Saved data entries

=== Section Start ===

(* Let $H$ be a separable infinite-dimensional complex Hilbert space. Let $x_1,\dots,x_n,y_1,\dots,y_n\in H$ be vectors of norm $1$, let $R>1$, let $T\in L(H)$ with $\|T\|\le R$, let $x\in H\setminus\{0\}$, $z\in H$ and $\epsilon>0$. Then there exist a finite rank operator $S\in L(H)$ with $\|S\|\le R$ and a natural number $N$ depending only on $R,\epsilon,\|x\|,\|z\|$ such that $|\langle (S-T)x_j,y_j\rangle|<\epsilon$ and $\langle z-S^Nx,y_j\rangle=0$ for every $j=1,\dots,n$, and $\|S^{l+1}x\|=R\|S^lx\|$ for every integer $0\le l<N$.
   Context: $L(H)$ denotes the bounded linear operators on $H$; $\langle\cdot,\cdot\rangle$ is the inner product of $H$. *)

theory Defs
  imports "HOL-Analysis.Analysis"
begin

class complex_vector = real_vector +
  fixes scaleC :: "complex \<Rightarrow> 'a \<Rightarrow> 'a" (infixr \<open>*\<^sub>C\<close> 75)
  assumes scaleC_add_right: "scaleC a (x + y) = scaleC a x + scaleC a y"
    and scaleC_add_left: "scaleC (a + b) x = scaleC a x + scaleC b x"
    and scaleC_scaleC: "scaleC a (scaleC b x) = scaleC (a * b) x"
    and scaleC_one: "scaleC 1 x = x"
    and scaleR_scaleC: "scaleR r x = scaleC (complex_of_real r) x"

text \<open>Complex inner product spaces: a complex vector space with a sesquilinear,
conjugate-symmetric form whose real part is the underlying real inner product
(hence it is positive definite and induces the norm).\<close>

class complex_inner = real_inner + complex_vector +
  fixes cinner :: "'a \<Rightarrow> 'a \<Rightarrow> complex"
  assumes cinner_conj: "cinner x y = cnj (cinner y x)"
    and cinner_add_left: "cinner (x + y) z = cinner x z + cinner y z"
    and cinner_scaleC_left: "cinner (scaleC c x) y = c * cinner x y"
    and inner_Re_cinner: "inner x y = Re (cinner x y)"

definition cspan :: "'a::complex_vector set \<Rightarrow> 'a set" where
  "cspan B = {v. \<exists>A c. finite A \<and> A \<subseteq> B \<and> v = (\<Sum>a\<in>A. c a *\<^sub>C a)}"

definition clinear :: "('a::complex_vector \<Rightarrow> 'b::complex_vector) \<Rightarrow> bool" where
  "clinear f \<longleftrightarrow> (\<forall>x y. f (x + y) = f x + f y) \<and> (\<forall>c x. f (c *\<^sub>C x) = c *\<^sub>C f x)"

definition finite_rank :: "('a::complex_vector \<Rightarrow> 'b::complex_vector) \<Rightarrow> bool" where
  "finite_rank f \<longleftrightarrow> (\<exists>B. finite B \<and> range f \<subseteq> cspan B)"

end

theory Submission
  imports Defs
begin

=== Section End ===
=== Section Start ===

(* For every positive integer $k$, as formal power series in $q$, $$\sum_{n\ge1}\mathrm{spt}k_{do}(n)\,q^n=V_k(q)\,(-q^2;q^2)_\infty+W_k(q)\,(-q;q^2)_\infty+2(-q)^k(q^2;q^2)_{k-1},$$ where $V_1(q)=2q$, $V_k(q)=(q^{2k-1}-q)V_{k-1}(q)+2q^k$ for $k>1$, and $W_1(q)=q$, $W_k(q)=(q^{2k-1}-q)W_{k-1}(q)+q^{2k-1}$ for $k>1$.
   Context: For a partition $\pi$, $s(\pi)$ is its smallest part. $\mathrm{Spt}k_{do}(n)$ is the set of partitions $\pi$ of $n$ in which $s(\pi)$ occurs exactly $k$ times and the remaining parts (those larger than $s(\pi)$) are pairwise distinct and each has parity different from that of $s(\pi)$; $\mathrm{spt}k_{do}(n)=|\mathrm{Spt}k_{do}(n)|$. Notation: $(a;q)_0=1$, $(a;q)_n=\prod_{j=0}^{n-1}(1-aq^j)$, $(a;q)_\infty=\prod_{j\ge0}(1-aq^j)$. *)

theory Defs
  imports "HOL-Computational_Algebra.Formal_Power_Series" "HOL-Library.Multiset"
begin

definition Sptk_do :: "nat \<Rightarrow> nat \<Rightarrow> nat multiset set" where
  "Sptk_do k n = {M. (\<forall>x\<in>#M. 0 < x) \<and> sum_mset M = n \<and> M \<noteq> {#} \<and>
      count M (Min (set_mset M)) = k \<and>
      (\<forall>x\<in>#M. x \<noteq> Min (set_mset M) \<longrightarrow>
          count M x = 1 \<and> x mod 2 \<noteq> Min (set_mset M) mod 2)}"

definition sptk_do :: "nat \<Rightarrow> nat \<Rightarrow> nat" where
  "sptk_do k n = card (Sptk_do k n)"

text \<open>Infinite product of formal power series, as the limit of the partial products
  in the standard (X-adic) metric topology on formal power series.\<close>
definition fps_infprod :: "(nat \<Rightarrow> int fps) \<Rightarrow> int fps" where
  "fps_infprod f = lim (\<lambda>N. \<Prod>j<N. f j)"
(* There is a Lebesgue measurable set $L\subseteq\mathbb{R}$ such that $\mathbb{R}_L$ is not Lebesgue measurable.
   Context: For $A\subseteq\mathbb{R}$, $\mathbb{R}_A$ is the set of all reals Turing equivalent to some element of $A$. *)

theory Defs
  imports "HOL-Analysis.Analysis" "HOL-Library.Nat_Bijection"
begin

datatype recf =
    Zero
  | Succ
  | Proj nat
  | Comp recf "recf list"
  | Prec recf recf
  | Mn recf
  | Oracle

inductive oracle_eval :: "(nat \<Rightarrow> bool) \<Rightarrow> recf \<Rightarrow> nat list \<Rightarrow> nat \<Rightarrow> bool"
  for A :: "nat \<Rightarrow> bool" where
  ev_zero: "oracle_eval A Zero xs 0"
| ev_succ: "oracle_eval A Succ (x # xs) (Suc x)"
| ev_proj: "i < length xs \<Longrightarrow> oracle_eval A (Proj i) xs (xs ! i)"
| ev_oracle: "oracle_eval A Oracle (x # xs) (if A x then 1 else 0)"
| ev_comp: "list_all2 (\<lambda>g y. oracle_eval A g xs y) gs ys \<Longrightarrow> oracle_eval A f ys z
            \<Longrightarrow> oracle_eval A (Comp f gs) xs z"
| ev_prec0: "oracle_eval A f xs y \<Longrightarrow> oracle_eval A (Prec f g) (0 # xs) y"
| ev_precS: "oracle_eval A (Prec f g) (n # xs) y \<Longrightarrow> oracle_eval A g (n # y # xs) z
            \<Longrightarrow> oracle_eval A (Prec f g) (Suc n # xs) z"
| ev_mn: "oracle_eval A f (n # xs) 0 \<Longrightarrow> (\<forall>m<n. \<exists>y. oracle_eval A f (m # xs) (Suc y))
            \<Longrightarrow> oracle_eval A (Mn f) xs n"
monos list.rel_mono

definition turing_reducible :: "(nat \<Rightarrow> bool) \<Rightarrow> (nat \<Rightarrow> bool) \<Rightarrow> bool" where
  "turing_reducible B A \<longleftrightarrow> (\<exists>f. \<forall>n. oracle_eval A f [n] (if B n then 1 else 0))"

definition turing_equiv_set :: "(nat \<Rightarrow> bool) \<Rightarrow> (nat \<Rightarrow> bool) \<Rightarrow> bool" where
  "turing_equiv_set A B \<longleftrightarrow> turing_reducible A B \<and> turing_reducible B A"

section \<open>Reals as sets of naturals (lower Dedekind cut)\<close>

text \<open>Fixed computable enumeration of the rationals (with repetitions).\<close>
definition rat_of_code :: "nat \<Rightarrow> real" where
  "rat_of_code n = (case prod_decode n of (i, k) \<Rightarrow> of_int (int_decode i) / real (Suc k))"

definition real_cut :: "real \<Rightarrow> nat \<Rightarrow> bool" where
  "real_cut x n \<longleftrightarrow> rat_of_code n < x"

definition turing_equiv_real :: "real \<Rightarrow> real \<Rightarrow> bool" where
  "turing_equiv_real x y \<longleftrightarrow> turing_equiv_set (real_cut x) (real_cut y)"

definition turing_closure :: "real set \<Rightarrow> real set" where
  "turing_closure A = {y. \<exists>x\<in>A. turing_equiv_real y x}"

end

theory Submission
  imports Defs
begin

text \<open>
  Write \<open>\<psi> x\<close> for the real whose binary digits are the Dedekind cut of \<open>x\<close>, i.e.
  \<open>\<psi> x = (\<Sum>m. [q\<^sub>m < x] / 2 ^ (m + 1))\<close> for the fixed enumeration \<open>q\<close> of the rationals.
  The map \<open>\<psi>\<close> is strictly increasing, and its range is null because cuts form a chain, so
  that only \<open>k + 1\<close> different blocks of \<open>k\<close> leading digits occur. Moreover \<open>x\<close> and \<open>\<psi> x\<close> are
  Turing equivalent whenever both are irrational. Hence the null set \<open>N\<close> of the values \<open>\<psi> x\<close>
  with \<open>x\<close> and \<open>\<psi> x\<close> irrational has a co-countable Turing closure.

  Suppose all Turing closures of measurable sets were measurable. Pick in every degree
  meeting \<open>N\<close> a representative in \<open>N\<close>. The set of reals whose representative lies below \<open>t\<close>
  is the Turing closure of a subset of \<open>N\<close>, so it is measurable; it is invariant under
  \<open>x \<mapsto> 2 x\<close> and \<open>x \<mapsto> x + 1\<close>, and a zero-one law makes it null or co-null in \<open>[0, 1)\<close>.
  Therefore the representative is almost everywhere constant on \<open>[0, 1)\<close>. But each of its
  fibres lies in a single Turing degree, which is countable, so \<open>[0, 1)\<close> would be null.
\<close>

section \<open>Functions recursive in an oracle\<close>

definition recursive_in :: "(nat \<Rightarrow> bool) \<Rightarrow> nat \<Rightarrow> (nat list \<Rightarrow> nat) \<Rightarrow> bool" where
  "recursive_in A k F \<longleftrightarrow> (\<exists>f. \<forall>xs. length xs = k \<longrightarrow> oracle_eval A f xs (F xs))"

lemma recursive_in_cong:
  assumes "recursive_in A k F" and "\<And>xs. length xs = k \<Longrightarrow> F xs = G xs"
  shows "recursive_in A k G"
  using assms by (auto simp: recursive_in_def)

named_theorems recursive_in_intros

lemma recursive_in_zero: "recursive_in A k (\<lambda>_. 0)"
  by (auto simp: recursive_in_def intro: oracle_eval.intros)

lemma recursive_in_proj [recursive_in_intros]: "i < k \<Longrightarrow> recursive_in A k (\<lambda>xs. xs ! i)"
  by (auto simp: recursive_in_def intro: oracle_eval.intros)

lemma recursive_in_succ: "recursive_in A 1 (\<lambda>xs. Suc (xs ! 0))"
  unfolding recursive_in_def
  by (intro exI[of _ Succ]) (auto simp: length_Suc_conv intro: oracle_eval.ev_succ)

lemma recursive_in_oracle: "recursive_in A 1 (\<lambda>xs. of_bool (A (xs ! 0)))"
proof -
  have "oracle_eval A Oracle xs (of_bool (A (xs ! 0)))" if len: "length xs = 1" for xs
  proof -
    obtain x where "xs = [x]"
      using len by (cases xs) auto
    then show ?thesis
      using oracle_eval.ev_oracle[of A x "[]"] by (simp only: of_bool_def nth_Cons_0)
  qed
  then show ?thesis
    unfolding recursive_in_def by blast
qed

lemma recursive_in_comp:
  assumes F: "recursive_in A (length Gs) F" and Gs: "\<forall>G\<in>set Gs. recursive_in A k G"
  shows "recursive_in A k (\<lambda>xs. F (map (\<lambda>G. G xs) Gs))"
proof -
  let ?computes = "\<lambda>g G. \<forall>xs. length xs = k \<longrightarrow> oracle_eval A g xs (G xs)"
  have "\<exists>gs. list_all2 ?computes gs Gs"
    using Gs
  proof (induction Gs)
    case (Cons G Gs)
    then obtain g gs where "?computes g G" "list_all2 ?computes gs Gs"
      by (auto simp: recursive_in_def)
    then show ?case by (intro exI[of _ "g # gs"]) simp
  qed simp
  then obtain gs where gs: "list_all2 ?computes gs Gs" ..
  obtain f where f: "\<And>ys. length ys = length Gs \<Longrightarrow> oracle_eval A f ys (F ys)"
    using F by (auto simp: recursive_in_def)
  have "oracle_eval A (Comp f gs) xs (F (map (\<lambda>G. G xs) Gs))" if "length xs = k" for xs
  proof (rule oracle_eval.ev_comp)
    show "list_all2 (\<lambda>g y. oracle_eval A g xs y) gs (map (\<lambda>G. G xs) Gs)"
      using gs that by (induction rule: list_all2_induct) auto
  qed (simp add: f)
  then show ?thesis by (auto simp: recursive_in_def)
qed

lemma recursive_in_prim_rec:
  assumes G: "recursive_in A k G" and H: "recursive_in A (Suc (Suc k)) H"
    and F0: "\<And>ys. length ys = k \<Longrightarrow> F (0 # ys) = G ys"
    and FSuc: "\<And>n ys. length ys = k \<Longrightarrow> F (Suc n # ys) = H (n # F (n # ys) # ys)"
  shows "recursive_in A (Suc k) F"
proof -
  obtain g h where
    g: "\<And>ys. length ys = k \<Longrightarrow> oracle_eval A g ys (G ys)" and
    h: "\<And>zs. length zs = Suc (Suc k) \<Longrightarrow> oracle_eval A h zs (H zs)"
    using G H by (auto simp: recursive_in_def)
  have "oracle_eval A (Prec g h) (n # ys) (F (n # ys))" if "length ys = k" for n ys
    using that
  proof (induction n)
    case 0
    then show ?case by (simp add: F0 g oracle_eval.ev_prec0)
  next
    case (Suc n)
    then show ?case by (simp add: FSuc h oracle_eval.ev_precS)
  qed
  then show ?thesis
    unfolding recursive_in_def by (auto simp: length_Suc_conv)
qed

=== Section End ===
=== Section Start ===

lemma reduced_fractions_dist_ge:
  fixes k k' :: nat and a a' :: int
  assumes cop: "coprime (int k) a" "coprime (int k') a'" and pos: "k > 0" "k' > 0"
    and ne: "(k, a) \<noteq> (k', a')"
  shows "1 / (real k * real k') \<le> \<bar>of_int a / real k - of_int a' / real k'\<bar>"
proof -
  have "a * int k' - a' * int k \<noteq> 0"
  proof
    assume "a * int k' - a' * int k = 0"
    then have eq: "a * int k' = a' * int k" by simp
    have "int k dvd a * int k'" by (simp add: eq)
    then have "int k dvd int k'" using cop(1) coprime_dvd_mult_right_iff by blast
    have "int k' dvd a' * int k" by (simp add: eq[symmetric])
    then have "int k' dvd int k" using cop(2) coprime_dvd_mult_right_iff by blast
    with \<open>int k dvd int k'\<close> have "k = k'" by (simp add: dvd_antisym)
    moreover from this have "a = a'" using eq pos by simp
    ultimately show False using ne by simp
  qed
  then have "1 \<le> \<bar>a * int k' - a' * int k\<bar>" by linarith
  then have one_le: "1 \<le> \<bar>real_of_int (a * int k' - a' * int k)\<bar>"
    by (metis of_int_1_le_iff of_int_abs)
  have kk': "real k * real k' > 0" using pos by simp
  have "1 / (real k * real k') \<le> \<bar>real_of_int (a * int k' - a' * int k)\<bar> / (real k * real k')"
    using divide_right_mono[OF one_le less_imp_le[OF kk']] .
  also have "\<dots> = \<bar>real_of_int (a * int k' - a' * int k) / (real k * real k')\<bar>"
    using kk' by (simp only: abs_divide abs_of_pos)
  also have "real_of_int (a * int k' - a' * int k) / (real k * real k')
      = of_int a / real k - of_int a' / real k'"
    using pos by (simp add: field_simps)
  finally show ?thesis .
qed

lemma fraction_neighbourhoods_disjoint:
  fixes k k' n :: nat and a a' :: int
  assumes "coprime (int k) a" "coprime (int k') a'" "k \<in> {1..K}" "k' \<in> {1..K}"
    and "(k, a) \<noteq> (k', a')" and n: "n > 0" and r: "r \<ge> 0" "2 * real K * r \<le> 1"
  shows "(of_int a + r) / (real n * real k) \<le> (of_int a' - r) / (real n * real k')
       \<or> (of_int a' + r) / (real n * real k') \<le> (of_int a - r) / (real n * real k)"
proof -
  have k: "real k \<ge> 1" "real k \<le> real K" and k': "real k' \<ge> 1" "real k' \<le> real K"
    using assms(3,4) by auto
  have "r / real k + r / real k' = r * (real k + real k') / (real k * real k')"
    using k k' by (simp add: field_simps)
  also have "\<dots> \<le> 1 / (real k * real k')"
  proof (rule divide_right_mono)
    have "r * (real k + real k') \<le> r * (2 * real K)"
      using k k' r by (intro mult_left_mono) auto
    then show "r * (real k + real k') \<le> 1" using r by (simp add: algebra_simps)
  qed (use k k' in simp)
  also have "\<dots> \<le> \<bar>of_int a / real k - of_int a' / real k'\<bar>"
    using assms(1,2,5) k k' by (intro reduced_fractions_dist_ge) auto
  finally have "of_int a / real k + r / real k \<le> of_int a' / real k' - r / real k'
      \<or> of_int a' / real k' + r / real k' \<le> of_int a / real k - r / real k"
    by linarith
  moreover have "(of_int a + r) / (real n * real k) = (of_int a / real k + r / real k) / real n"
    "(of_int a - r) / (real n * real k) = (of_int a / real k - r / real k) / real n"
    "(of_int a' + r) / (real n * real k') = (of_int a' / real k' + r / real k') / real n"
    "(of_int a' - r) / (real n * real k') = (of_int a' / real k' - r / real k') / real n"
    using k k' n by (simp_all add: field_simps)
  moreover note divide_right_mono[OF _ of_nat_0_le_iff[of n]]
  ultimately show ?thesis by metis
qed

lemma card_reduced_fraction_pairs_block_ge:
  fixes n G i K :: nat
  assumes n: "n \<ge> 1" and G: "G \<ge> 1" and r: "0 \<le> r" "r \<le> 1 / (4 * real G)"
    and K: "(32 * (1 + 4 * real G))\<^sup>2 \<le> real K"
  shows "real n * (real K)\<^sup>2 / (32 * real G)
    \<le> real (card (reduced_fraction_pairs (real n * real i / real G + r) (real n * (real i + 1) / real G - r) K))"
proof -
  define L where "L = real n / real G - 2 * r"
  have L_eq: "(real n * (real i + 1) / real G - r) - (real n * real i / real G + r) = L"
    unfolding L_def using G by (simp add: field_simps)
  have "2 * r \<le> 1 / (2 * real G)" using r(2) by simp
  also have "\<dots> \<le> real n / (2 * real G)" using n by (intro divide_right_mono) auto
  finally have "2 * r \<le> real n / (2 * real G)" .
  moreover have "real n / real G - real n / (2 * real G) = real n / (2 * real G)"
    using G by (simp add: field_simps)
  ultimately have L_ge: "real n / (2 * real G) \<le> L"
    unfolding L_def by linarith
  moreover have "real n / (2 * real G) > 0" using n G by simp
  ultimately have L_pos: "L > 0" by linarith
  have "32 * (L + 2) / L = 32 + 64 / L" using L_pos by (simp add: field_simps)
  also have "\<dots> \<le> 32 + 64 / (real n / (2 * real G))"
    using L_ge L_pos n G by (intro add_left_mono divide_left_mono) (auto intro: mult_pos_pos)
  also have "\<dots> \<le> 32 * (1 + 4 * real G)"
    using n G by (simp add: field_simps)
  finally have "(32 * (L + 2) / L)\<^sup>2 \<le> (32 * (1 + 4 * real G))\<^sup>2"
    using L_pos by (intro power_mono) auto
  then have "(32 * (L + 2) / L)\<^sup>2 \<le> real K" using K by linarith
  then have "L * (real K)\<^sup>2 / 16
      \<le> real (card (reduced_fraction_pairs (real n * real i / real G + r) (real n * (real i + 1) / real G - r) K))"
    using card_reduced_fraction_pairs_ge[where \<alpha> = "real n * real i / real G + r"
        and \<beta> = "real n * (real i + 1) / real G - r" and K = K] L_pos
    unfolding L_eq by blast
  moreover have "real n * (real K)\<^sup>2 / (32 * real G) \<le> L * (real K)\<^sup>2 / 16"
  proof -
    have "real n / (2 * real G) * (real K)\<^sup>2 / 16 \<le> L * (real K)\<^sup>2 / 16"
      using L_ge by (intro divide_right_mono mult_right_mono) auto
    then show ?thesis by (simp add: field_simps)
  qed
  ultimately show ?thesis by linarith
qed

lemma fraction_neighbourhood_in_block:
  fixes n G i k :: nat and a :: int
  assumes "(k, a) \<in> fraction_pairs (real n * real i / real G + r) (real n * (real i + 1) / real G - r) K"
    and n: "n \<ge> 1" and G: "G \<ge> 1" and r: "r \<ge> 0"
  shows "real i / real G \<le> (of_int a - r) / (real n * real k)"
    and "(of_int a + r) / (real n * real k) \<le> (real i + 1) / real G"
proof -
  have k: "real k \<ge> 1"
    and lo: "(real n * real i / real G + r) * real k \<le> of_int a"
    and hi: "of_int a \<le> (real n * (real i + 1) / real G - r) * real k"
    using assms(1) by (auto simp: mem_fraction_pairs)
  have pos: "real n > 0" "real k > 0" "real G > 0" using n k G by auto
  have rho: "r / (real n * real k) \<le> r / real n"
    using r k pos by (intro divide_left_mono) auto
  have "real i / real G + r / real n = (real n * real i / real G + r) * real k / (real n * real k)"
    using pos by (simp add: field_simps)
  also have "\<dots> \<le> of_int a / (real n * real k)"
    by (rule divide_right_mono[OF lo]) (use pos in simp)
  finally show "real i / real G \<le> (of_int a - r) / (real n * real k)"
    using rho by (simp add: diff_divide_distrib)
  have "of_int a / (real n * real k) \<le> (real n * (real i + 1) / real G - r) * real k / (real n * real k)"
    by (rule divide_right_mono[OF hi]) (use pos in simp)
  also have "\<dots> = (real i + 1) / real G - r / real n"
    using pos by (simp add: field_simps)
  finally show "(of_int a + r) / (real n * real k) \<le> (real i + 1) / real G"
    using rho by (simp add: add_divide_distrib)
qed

=== Section End ===

:: ABOUT THIS TASK ::
Above are the lines; repeat exactly the ones from the line containing "(* Let $H$ be" down to the line containing "f \<longleftrightarrow> (\<forall>x", both inclusive.

:: WRITTEN RESPONSE ::
(* Let $H$ be a separable infinite-dimensional complex Hilbert space. Let $x_1,\dots,x_n,y_1,\dots,y_n\in H$ be vectors of norm $1$, let $R>1$, let $T\in L(H)$ with $\|T\|\le R$, let $x\in H\setminus\{0\}$, $z\in H$ and $\epsilon>0$. Then there exist a finite rank operator $S\in L(H)$ with $\|S\|\le R$ and a natural number $N$ depending only on $R,\epsilon,\|x\|,\|z\|$ such that $|\langle (S-T)x_j,y_j\rangle|<\epsilon$ and $\langle z-S^Nx,y_j\rangle=0$ for every $j=1,\dots,n$, and $\|S^{l+1}x\|=R\|S^lx\|$ for every integer $0\le l<N$.
   Context: $L(H)$ denotes the bounded linear operators on $H$; $\langle\cdot,\cdot\rangle$ is the inner product of $H$. *)

theory Defs
  imports "HOL-Analysis.Analysis"
begin

class complex_vector = real_vector +
  fixes scaleC :: "complex \<Rightarrow> 'a \<Rightarrow> 'a" (infixr \<open>*\<^sub>C\<close> 75)
  assumes scaleC_add_right: "scaleC a (x + y) = scaleC a x + scaleC a y"
    and scaleC_add_left: "scaleC (a + b) x = scaleC a x + scaleC b x"
    and scaleC_scaleC: "scaleC a (scaleC b x) = scaleC (a * b) x"
    and scaleC_one: "scaleC 1 x = x"
    and scaleR_scaleC: "scaleR r x = scaleC (complex_of_real r) x"

text \<open>Complex inner product spaces: a complex vector space with a sesquilinear,
conjugate-symmetric form whose real part is the underlying real inner product
(hence it is positive definite and induces the norm).\<close>

class complex_inner = real_inner + complex_vector +
  fixes cinner :: "'a \<Rightarrow> 'a \<Rightarrow> complex"
  assumes cinner_conj: "cinner x y = cnj (cinner y x)"
    and cinner_add_left: "cinner (x + y) z = cinner x z + cinner y z"
    and cinner_scaleC_left: "cinner (scaleC c x) y = c * cinner x y"
    and inner_Re_cinner: "inner x y = Re (cinner x y)"

definition cspan :: "'a::complex_vector set \<Rightarrow> 'a set" where
  "cspan B = {v. \<exists>A c. finite A \<and> A \<subseteq> B \<and> v = (\<Sum>a\<in>A. c a *\<^sub>C a)}"

definition clinear :: "('a::complex_vector \<Rightarrow> 'b::complex_vector) \<Rightarrow> bool" where
  "clinear f \<longleftrightarrow> (\<forall>x y. f (x + y) = f x + f y) \<and> (\<forall>c x. f (c *\<^sub>C x) = c *\<^sub>C f x)"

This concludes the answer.